:: Dataset entries ::

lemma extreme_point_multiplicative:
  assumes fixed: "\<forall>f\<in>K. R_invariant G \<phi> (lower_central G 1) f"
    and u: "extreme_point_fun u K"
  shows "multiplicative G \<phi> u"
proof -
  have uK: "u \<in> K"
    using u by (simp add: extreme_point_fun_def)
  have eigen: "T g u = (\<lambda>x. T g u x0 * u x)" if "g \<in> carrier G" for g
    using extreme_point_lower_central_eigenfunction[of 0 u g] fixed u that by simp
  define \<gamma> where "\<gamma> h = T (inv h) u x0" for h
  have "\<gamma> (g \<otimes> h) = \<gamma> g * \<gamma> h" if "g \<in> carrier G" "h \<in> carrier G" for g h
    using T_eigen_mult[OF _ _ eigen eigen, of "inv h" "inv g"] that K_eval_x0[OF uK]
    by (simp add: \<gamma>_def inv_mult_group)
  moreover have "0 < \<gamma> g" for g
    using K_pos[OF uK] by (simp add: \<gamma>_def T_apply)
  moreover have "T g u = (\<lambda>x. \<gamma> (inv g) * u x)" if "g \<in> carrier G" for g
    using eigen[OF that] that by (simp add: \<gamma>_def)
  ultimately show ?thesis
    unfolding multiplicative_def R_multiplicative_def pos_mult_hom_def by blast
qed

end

:::
:: Dataset entries ::

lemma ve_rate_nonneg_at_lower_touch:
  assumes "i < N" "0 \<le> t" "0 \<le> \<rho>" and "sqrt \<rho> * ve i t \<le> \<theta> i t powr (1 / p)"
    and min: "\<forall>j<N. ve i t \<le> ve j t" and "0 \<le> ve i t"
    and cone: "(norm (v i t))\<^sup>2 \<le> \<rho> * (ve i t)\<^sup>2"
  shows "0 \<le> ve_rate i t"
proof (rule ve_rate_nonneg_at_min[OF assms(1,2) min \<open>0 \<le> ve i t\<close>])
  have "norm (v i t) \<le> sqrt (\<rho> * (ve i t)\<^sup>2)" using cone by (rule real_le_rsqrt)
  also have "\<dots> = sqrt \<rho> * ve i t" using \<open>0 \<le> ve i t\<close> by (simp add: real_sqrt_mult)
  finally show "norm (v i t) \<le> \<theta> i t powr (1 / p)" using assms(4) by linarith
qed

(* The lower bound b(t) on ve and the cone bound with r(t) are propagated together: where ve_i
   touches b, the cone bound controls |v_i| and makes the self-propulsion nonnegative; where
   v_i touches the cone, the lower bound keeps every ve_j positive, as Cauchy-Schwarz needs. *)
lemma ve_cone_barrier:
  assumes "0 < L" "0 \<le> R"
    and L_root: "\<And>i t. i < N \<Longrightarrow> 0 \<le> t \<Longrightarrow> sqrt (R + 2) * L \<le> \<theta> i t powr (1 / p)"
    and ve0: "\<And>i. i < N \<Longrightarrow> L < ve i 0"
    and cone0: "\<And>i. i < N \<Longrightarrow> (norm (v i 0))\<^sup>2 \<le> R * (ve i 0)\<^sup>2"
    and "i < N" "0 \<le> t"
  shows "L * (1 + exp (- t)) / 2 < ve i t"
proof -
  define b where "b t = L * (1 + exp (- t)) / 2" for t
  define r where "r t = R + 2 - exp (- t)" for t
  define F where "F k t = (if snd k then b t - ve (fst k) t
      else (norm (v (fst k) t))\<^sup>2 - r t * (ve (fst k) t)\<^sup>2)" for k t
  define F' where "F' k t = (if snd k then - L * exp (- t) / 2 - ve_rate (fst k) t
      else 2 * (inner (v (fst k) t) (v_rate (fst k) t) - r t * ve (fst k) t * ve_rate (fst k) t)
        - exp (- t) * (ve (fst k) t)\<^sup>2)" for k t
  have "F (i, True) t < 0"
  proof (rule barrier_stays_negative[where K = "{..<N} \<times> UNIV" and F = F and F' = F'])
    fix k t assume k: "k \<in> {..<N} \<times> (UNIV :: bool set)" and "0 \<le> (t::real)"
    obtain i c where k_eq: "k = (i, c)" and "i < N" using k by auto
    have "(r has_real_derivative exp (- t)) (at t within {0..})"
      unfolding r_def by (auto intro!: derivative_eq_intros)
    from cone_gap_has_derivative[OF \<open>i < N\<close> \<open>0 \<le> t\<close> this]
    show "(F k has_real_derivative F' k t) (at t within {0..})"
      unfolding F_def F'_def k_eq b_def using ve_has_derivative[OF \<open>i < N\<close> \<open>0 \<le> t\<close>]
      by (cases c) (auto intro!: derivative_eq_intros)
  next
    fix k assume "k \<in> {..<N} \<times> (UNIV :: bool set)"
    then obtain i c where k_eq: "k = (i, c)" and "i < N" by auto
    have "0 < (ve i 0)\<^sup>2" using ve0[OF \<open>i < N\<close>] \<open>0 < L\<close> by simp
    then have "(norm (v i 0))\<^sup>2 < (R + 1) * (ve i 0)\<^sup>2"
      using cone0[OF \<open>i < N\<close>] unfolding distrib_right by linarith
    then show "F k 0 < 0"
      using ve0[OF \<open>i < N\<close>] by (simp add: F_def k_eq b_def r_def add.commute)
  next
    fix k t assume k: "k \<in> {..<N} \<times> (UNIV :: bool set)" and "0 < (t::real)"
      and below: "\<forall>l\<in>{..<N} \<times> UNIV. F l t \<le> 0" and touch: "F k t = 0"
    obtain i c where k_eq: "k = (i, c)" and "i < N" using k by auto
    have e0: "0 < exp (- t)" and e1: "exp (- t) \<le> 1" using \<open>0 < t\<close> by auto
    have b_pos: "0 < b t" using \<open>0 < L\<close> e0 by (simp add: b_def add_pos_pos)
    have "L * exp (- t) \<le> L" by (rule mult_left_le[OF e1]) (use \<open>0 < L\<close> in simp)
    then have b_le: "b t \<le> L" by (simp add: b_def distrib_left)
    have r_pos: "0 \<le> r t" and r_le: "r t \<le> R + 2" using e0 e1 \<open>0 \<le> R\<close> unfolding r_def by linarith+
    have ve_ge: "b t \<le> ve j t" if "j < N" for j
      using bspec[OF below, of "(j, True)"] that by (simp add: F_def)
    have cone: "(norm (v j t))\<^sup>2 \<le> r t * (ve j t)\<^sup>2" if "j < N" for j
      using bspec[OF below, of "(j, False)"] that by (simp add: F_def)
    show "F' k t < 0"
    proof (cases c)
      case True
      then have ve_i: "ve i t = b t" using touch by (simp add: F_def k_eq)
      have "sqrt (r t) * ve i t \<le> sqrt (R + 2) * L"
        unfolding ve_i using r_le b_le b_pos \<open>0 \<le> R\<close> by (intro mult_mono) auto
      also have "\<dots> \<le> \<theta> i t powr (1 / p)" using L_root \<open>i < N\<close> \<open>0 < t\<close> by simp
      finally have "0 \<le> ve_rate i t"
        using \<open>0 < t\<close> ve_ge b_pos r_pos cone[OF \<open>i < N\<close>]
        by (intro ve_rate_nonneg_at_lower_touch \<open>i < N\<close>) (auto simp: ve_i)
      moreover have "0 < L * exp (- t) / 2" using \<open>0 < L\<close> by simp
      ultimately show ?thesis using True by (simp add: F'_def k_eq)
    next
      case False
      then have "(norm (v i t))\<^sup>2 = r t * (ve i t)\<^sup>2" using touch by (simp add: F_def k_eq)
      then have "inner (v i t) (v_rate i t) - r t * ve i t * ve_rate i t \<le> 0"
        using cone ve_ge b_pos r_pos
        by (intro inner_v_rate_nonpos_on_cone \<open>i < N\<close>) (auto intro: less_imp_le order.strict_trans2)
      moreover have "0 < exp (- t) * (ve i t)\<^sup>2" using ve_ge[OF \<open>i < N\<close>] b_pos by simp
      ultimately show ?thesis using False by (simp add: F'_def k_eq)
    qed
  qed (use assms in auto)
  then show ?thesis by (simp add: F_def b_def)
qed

:::
:: Dataset entries ::

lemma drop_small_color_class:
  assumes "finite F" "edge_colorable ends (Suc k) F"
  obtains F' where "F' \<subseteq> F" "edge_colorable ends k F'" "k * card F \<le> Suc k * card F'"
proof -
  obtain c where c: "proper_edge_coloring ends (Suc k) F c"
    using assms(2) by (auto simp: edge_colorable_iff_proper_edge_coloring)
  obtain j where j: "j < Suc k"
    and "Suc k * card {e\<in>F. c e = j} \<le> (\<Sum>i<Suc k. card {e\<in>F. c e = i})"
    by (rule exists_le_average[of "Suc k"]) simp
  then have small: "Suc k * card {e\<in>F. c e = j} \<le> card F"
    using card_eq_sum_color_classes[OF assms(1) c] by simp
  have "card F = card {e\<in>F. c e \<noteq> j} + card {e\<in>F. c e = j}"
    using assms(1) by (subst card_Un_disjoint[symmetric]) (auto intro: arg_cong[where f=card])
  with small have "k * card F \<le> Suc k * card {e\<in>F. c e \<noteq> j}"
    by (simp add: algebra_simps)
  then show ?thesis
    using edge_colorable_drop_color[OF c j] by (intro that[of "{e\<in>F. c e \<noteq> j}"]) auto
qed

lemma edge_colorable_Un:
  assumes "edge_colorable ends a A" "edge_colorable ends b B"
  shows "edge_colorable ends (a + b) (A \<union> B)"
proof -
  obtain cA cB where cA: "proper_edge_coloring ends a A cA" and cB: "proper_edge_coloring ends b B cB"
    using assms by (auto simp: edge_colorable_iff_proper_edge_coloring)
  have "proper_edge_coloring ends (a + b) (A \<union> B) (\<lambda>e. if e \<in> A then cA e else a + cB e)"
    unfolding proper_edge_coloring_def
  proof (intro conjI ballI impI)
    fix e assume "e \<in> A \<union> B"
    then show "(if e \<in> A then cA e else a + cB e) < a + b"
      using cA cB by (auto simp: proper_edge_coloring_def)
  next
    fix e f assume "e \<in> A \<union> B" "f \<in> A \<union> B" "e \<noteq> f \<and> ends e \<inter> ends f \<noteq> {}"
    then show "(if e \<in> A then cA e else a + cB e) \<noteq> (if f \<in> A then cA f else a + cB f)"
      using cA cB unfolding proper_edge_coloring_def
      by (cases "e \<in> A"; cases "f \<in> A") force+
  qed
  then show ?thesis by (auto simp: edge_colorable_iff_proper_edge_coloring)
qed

:::

◆ Task directions: Identify each line in the records above that contains the word "fixed", and copy it out in full.

◆ Task solution:
  assumes fixed: "\<forall>f\<in>K. R_invariant G \<phi> (lower_central G 1) f"
    using extreme_point_lower_central_eigenfunction[of 0 u g] fixed u that by simp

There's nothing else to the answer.